Re: [PATCH 11/14] iommufd-lu: Persist iommu hardware pagetables for live update

From: Samiullah Khawaja

Date: Mon Mar 23 2026 - 17:36:02 EST


On Mon, Mar 23, 2026 at 01:28:13PM -0700, Vipin Sharma wrote:
On Tue, Feb 03, 2026 at 10:09:45PM +0000, Samiullah Khawaja wrote:
From: YiFei Zhu <zhuyifei@xxxxxxxxxx>

The caller is expected to mark each HWPT to be preserved with an ioctl
call, with a token that will be used in restore. At preserve time, each
HWPT's domain is then called with iommu_domain_preserve to preserve the

Nit: Add () after iommu_domain_preserve, it makes easier to know this is
a function.

Will do.

diff --git a/drivers/iommu/iommufd/liveupdate.c b/drivers/iommu/iommufd/liveupdate.c
+static int iommufd_save_hwpts(struct iommufd_ctx *ictx,
+ struct iommufd_lu *iommufd_lu,
+ struct liveupdate_session *session)
+{
+ struct iommufd_hwpt_paging *hwpt, **hwpts = NULL;

We should rename hwpts to something to denote that it is a list.

Agreed. Will do.

+ struct iommu_domain_ser *domain_ser;
+ struct iommufd_hwpt_lu *hwpt_lu;
+ struct iommufd_object *obj;
+ unsigned int nr_hwpts = 0;
+ unsigned long index;
+ unsigned int i;
+ int rc = 0;
+
+ if (iommufd_lu) {
+ hwpts = kcalloc(iommufd_lu->nr_hwpts, sizeof(*hwpts),
+ GFP_KERNEL);
+ if (!hwpts)
+ return -ENOMEM;
+ }
+
+ xa_lock(&ictx->objects);
+ xa_for_each(&ictx->objects, index, obj) {
+ if (obj->type != IOMMUFD_OBJ_HWPT_PAGING)
+ continue;
+
+ hwpt = container_of(obj, struct iommufd_hwpt_paging, common.obj);
+ if (!hwpt->lu_preserve)
+ continue;
+
+ if (hwpt->ioas) {
+ /*
+ * Obtain exclusive access to the IOAS and IOPT while we
+ * set immutability
+ */
+ mutex_lock(&hwpt->ioas->mutex);
+ down_write(&hwpt->ioas->iopt.domains_rwsem);
+ down_write(&hwpt->ioas->iopt.iova_rwsem);
+
+ hwpt->ioas->iopt.lu_map_immutable = true;

It feels odd that this is not cleaned up in this function as a part of
its error handling. Now it becomes caller resposibility to handle clean
up for the side effect created by this function.

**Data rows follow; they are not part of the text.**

lemma funpow_repeats_on_finite:
  assumes "finite V" "\<forall>v\<in>V. f v \<in> V"
  obtains a b where "a < b" "\<forall>v\<in>V. (f ^^ a) v = (f ^^ b) v"
proof -
  have into: "(f ^^ k) v \<in> V" if "v \<in> V" for k v
    using that by (induction k) (auto simp: assms(2))
  define F where "F k = restrict (f ^^ k) V" for k
  have "range F \<subseteq> Pi\<^sub>E V (\<lambda>_. V)"
    unfolding F_def using into by auto
  then have "finite (range F)"
    using finite_PiE[OF assms(1), of "\<lambda>_. V"] assms(1) finite_subset by blast
  then have "\<not> inj F"
    using finite_imageD infinite_UNIV_nat by blast
  then obtain a b where "F a = F b" "a \<noteq> b"
    unfolding inj_def by blast
  then obtain a b where ab: "F a = F b" "a < b"
    by (metis linorder_neqE_nat)
  have "\<forall>v\<in>V. (f ^^ a) v = (f ^^ b) v"
    using ab(1) unfolding F_def by (metis restrict_apply')
  with ab(2) show thesis
    by (rule that)
qed

lemma funpow_idempotent_on_finite:
  assumes "finite V" "\<forall>v\<in>V. f v \<in> V"
  obtains n where "n \<ge> 1" "\<forall>v\<in>V. (f ^^ n) ((f ^^ n) v) = (f ^^ n) v"
proof -
  obtain a b where ab: "a < b" "\<forall>v\<in>V. (f ^^ a) v = (f ^^ b) v"
    using funpow_repeats_on_finite[OF assms] .
  define p where "p = b - a"
  have periodic: "(f ^^ (m + q * p)) v = (f ^^ m) v" if "a \<le> m" "v \<in> V" for m q v
  proof (induction q)
    case (Suc q)
    have "m + Suc q * p = (m - a + q * p) + b"
      using that ab(1) by (simp add: p_def)
    then have "(f ^^ (m + Suc q * p)) v = (f ^^ (m - a + q * p)) ((f ^^ b) v)"
      by (simp only: funpow_add[of "m - a + q * p" b] comp_apply)
    also have "\<dots> = (f ^^ (m - a + q * p + a)) v"
      using ab(2) that(2) by (simp only: funpow_add[of "m - a + q * p" a] comp_apply)
    also have "\<dots> = (f ^^ (m + q * p)) v"
      using that(1) by (simp add: algebra_simps)
    finally show ?case using Suc by simp
  qed simp
  define n where "n = (a + 1) * p"
  have "1 \<le> p"
    using ab(1) by (simp add: p_def)
  then have "a + 1 \<le> n"
    unfolding n_def by (metis mult.right_neutral mult_le_mono2)
  then have "\<forall>v\<in>V. (f ^^ n) ((f ^^ n) v) = (f ^^ n) v"
    using periodic[of n _ "a + 1"] by (simp add: n_def funpow_add)
  moreover have "1 \<le> n"
    using \<open>a + 1 \<le> n\<close> by simp
  ultimately show thesis by (rule that[rotated])
qed

lemma rtranclp_crossing_edge:
  assumes "E\<^sup>*\<^sup>* a b" "a \<in> F" "b \<notin> F"
  obtains y z where "E y z" "y \<in> F" "z \<notin> F"
  using assms by (induction rule: rtranclp_induct) auto

text \<open>The fixed points of g contain an edge yz leaving them; then g z is a second neighbour
  of y = g y, distinct from z, with the same image g (g z) = g z.\<close>
lemma idempotent_locally_injective_hom_is_id:
  assumes sg: "simple_graph V E" and cg: "connected_graph V E"
    and hom: "graph_hom V E V E g" and li: "locally_injective_map V E g"
    and idem: "\<forall>v\<in>V. g (g v) = g v"
  shows "\<forall>v\<in>V. g v = v"
proof (rule ccontr)
  assume "\<not> (\<forall>v\<in>V. g v = v)"
  then obtain x where x: "x \<in> V" "g x \<noteq> x" by blast
  define F where "F = {v\<in>V. g v = v}"
  have gx: "g x \<in> V" "g x \<in> F" "x \<notin> F"
    using hom idem x unfolding graph_hom_def F_def by auto
  then have "E\<^sup>*\<^sup>* (g x) x"
    using cg x unfolding connected_graph_def by blast
  then obtain y z where yz: "E y z" "y \<in> F" "z \<notin> F"
    using gx rtranclp_crossing_edge by metis
  have "y \<in> V" "z \<in> V"
    using sg yz(1) unfolding simple_graph_def by blast+
  with hom yz have "g z \<in> V" "E y (g z)" "g z \<noteq> z"
    unfolding graph_hom_def F_def by auto
  with li yz \<open>y \<in> V\<close> \<open>z \<in> V\<close> have "g (g z) \<noteq> g z"
    unfolding locally_injective_map_def by metis
  with idem \<open>z \<in> V\<close> show False by simp
qed

lemma graph_aut_if_funpow_id:
  assumes fin: "finite V" and hom: "graph_hom V E V E f"
    and period: "\<forall>v\<in>V. (f ^^ Suc m) v = v"
  shows "graph_aut V E f"
proof -
  have inverse: "(f ^^ m) (f v) = v" if "v \<in> V" for v
    using period that by (simp add: funpow_Suc_right del: funpow.simps)
  have into: "f ` V \<subseteq> V"
    using hom unfolding graph_hom_def by blast
  have "inj_on f V"
    by (metis inverse inj_onI)
  with into have "bij_betw f V V"
    unfolding bij_betw_def using endo_inj_surj[OF fin] by blast
  moreover have "E u v \<longleftrightarrow> E (f u) (f v)" if "u \<in> V" "v \<in> V" for u v
  proof
    assume "E u v"
    then show "E (f u) (f v)"
      using hom that unfolding graph_hom_def by blast
  next
    assume "E (f u) (f v)"
    moreover have "f u \<in> V" "f v \<in> V"
      using into that by auto
    ultimately have "E ((f ^^ m) (f u)) ((f ^^ m) (f v))"
      using graph_hom_funpow[OF hom, of m] unfolding graph_hom_def by blast
    then show "E u v"
      using inverse that by simp
  qed
  ultimately show ?thesis
    unfolding graph_aut_def by blast
qed

lemma locally_injective_hom_is_aut:
  assumes sg: "simple_graph V E" and cg: "connected_graph V E"
    and hom: "graph_hom V E V E f" and li: "locally_injective_map V E f"
  shows "graph_aut V E f"
proof -
  have fin: "finite V"
    using sg unfolding simple_graph_def by blast
  have "\<forall>v\<in>V. f v \<in> V"
    using hom unfolding graph_hom_def by blast
  then obtain n where n: "n \<ge> 1" "\<forall>v\<in>V. (f ^^ n) ((f ^^ n) v) = (f ^^ n) v"
    using funpow_idempotent_on_finite[OF fin] by metis
  then obtain m where m: "n = Suc m"
    using not0_implies_Suc by fastforce
  have "\<forall>v\<in>V. (f ^^ n) v = v"
    using idempotent_locally_injective_hom_is_id[OF sg cg graph_hom_funpow[OF hom]
        locally_injective_map_funpow[OF hom li] n(2)] .
  then show ?thesis
    using graph_aut_if_funpow_id[OF fin hom, of m] unfolding m by blast
qed

lemma is_core_if_homs_locally_injective:
  assumes "simple_graph V E" "connected_graph V E"
    and "\<And>f. graph_hom V E V E f \<Longrightarrow> locally_injective_map V E f"
  shows "is_core V E"
  unfolding is_core_def using assms locally_injective_hom_is_aut by blast

section \<open>Vector colorings in coordinates\<close>

definition coord_inner :: "nat \<Rightarrow> (nat \<Rightarrow> real) \<Rightarrow> (nat \<Rightarrow> real) \<Rightarrow> real" where
  "coord_inner d f g = (\<Sum>i<d. f i * g i)"

text \<open>Vectors of \<open>\<real>\<^sup>d\<close> are coordinate functions, of which only the first d values matter.\<close>
definition coord_vec_coloring ::
    "bool \<Rightarrow> 'a set \<Rightarrow> ('a \<Rightarrow> 'a \<Rightarrow> bool) \<Rightarrow> real \<Rightarrow> nat \<Rightarrow> ('a \<Rightarrow> nat \<Rightarrow> real) \<Rightarrow> bool" where
  "coord_vec_coloring strict V E t d x \<longleftrightarrow> t \<ge> 2
     \<and> (\<forall>v\<in>V. coord_inner d (x v) (x v) = 1)
     \<and> (\<forall>u\<in>V. \<forall>v\<in>V. E u v \<longrightarrow>
          (if strict then coord_inner d (x u) (x v) = - 1 / (t - 1)
           else coord_inner d (x u) (x v) \<le> - 1 / (t - 1)))"

lemma coord_inner_commute: "coord_inner d f g = coord_inner d g f"
  unfolding coord_inner_def by (simp add: mult.commute)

The immutablity is set early during preservation and it might be
required to unset it in the caller also when error occurs. I have to
rework this to not acquire a mutex lock in a spin lock, so I think this
part can also be reworked by doing it in following steps,

- Alloc memory for preservation.
- Mark immutable.
- Preserve using IOMMU core APIs.

IMO, this function should clean up lu_map_immutable instread of callers
to make sure they call cleanups. You can also try exploring XA_MARK_*
APIs if that can help in cleaning up easily.

Agreed.

+int iommufd_liveupdate_unregister_lufs(void)
+{
+ WARN_ON(iommu_liveupdate_unregister_flb(&iommufd_lu_handler));
+
+ return liveupdate_unregister_file_handler(&iommufd_lu_handler);

This seems little insconsistent, iommu_liveupdate_unregister_flb() has
WARN_ON and liveupdate_unregister_file_handler() does not.

The error from unregister_file_handler() is propagated to the caller,
but the error from unregister_flb() is not propagated as need to call
the unregister_file_handler().

Also, refer https://lore.kernel.org/all/20260226160353.6f3371bc@xxxxxxxxxxx/

Yes. This will need updates according to the new changes in LUO where
the unregister functions has void return type.

diff --git a/drivers/iommu/iommufd/main.c b/drivers/iommu/iommufd/main.c
@@ -775,11 +775,21 @@ static int __init iommufd_init(void)
if (ret)
goto err_misc;
}
+
+ if (IS_ENABLED(CONFIG_IOMMU_LIVEUPDATE)) {
+ ret = iommufd_liveupdate_register_lufs();
+ if (ret)
+ goto err_vfio_misc;
+ }
+

Do we need IS_ENABLED here? iommufd_private.h is providing definition
for both values of CONFIG_IOMMU_LIVEUPDATE.

Nit: What is lufs? Should we just rename to iommufd_liveupdate_register()?

Will update both.

ret = iommufd_test_init();
if (ret)
- goto err_vfio_misc;
+ goto err_lufs;
return 0;

+err_lufs:
+ if (IS_ENABLED(CONFIG_IOMMU_LIVEUPDATE))
+ iommufd_liveupdate_unregister_lufs();
err_vfio_misc:
if (IS_ENABLED(CONFIG_IOMMUFD_VFIO_CONTAINER))
misc_deregister(&vfio_misc_dev);
@@ -791,6 +801,8 @@ static int __init iommufd_init(void)
static void __exit iommufd_exit(void)
{
iommufd_test_exit();
+ if (IS_ENABLED(CONFIG_IOMMU_LIVEUPDATE))
+ iommufd_liveupdate_unregister_lufs();

Same as above.

Will update.

diff --git a/drivers/iommu/iommufd/pages.c b/drivers/iommu/iommufd/pages.c
@@ -1427,6 +1429,12 @@ struct iopt_pages *iopt_alloc_file_pages(struct file *file,
pages->file = get_file(file);
pages->start = start - start_byte;
pages->type = IOPT_ADDRESS_FILE;
+
+ pages->seals = 0;

This is already 0.

Will update.

+ seals = memfd_get_seals(file);
+ if (seals > 0)
+ pages->seals = seals;
+
return pages;
}

--- /dev/null
+++ b/include/linux/kho/abi/iommufd.h
+
+struct iommufd_lu {
+ unsigned int nr_hwpts;

Should this be u32 or u64?

+ struct iommufd_hwpt_lu hwpts[];
+};
+

Should this also be __packed?

Will do both u32 and packed.

+#endif /* _LINUX_KHO_ABI_IOMMUFD_H */
--
2.53.0.rc2.204.g2597b5adb4-goog